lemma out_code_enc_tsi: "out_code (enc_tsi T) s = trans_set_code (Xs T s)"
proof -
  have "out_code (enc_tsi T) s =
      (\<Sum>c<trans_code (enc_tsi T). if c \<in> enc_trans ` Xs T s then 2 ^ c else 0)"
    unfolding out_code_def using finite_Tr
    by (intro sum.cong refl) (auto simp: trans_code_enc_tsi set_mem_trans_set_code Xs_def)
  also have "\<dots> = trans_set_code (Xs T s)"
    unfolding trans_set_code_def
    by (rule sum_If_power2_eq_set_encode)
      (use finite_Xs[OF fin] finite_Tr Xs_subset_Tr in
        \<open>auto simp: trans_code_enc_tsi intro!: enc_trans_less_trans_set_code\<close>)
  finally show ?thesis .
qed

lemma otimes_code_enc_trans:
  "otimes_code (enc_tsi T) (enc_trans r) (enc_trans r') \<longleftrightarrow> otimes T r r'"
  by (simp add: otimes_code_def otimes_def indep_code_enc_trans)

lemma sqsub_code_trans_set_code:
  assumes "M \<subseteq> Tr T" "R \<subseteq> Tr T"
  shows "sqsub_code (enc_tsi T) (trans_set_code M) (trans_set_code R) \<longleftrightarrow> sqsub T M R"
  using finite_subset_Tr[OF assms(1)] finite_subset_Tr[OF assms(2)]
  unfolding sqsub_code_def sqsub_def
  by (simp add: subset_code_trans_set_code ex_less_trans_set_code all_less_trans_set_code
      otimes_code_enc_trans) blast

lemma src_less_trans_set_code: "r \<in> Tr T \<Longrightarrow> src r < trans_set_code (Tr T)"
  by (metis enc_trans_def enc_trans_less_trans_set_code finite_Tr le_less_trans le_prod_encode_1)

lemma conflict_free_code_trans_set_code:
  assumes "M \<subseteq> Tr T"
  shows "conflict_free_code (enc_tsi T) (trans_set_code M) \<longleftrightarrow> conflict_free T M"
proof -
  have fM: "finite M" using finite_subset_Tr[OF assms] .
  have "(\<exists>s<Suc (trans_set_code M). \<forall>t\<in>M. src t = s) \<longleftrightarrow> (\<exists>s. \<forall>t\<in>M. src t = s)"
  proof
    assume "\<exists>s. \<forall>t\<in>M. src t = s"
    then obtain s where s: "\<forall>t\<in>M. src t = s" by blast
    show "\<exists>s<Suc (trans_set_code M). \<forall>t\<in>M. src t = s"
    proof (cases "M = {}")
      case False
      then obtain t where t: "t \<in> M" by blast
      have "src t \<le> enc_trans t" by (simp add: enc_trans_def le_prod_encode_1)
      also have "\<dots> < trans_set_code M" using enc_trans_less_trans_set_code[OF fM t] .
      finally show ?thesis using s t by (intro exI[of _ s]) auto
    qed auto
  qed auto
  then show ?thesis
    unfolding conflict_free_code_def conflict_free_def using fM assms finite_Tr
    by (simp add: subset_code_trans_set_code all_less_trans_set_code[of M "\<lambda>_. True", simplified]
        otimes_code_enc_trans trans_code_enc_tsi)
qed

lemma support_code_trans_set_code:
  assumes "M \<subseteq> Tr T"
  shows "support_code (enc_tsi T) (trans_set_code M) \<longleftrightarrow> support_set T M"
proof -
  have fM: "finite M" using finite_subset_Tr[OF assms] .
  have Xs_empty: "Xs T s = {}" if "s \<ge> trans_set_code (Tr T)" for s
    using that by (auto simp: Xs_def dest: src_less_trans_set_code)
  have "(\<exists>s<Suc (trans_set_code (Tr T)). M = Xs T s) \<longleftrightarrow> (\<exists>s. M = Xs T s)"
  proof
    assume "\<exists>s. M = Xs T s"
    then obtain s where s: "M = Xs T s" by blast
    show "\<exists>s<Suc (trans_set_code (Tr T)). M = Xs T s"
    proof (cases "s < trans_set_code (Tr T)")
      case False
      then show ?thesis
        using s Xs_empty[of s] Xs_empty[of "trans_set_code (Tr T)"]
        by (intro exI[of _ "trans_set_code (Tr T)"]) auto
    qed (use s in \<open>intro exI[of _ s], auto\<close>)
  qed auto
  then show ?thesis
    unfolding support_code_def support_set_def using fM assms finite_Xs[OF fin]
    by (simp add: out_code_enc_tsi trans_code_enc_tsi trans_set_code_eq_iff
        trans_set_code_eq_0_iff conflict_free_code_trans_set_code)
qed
════════
__Activity__. Would you copy every line of the entries in which "close" appears?

__Task response__.
        \<open>auto simp: trans_code_enc_tsi intro!: enc_trans_less_trans_set_code\<close>)
    qed (use s in \<open>intro exI[of _ s], auto\<close>)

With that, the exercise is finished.